(* For $i=1,\dots,m$ let $k_i$ be a positive integer, $\mu_i>0$, $\alpha_i\neq 0$ a real constant, and $\bar x_i$ a real number. Define $\mathcal U_i(p_i)=1-\alpha_i p_i$ on the interval $P_i=\{p_i\in\mathbb R: \mathcal U_i(p_i)\in(0,1)\}$. For $u\in(0,1)$ let $f_i(u)$ denote the unique positive real root $y$ of $$F_i(y,u)=\sum_{j=0}^{k_i}\frac{1}{\mu_i^{j-1}}\left[\frac{j-uk_i}{j!}\right]y^{j}=0,$$ and, writing $y=f_i(u)$, $\rho=y/\mu_i$, $\pi_0=\left[\sum_{j=0}^{k_i}\rho^j/j!\right]^{-1}$ and $\pi_{k_i}=\pi_0\rho^{k_i}/k_i!$, define the rejection rate $g_i(p_i)=f_i(\mathcal U_i(p_i))\cdot \pi_{k_i}$ for $p_i\in P_i$. Then the optimization problem $$\text{maximize}_{\mathbf p}\ \ \mathcal U(\mathbf p)\quad\text{subject to}\quad g_i(p_i)\le \bar x_i,\ i=1,\dots,m,$$ where $\mathcal U(\mathbf p)=(\mathcal U_1(p_1),\dots,\mathcal U_m(p_m))$ and $\mathbf p=(p_1,\dots,p_m)\in P_1\times\cdots\times P_m$, is a convex optimization problem; that is, the objective is affine (hence concave) in $\mathbf p$ and each constraint function $g_i$ is convex in $p_i$ on $P_i$.
   Context: Each block-face $i$ is modeled as a multi-server loss queue with $k_i$ servers (parking spaces), per-server service rate $\mu_i$, total arrival rate $y$, and stationary probabilities $\pi_j=\pi_0\rho^j/j!$ ($j=0,\dots,k_i$) of $j$ busy servers, where $\rho=y/\mu_i$. The occupancy is $u=\frac{y}{k_i\mu_i}(1-\pi_{k_i})$; for $u\in(0,1)$ the total arrival rate $y$ producing occupancy $u$ is the unique positive root $f_i(u)$ of $F_i(y,u)=0$. Price $p_i$ determines occupancy through the linear demand model $\mathcal U_i(p_i)=1-\alpha_i p_i$, and $g_i(p_i)$ is the rate at which vehicles are rejected by (find no space at) block-face $i$. *)

theory Defs
  imports "HOL-Analysis.Analysis"
begin

definition occ :: "real \<Rightarrow> real \<Rightarrow> real" where
  "occ alpha p = 1 - alpha * p"

definition price_dom :: "real \<Rightarrow> real set" where
  "price_dom alpha = {p. 0 < occ alpha p \<and> occ alpha p < 1}"

definition Fpoly :: "nat \<Rightarrow> real \<Rightarrow> real \<Rightarrow> real \<Rightarrow> real" where
  "Fpoly k mu y u =
     (\<Sum>j = 0..k. (1 / (mu powi (int j - 1))) * ((real j - u * real k) / fact j) * y ^ j)"

definition froot :: "nat \<Rightarrow> real \<Rightarrow> real \<Rightarrow> real" where
  "froot k mu u = (THE y. y > 0 \<and> Fpoly k mu y u = 0)"

definition erlang_block :: "nat \<Rightarrow> real \<Rightarrow> real" where
  "erlang_block k rho = (1 / (\<Sum>j = 0..k. rho ^ j / fact j)) * rho ^ k / fact k"

definition rej_rate :: "nat \<Rightarrow> real \<Rightarrow> real \<Rightarrow> real \<Rightarrow> real" where
  "rej_rate k mu alpha p =
     (let y = froot k mu (occ alpha p) in y * erlang_block k (y / mu))"

end

theory Submission
  imports Defs
begin

text \<open>Write \<open>B(k, \<rho>)\<close> for the Erlang blocking probability and \<open>c(\<rho>) = \<rho> (1 - B(k, \<rho>))\<close> for the
  carried load. Substituting \<open>y = \<mu> \<rho>\<close> turns \<open>F(y, u) = 0\<close> into \<open>c(\<rho>) = k u\<close>, so
  \<open>f(u) = \<mu> c\<^sup>-\<^sup>1(k u)\<close> and \<open>g(p) = \<mu> (c\<^sup>-\<^sup>1(k U(p)) - k U(p))\<close>. The function \<open>s \<mapsto> B(k, 1/s)\<close> is
  convex on \<open>s > 0\<close>: its second derivative is \<open>h Q / s\<^sup>4\<close> for a quadratic \<open>Q\<close> in \<open>h = B(k, 1/s)\<close>
  whose nonnegativity propagates along the Erlang recursion. Hence \<open>c\<close>, being \<open>\<rho>\<close> minus a
  perspective of that function, is concave; it tends to \<open>k\<close>, so it is strictly increasing, and
  its inverse is convex. Composing with the affine occupancy gives convexity of \<open>g\<close>; the rest
  is convexity of intersections of preimages.\<close>

text \<open>\<open>erlang_recip n s = B(n, 1/s)\<close>, via the recursion
  \<open>B(n, \<rho>) = \<rho> B(n - 1, \<rho>) / (n + \<rho> B(n - 1, \<rho>))\<close>.\<close>

primrec erlang_recip :: "nat \<Rightarrow> real \<Rightarrow> real" where
  "erlang_recip 0 s = 1"
| "erlang_recip (Suc n) s = erlang_recip n s / (real (Suc n) * s + erlang_recip n s)"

..............................

Lines above that contain the string "Fpoly" make up the answer.

▸ **COMPLETED TASK**
definition Fpoly :: "nat \<Rightarrow> real \<Rightarrow> real \<Rightarrow> real \<Rightarrow> real" where
  "Fpoly k mu y u =
  "froot k mu u = (THE y. y > 0 \<and> Fpoly k mu y u = 0)"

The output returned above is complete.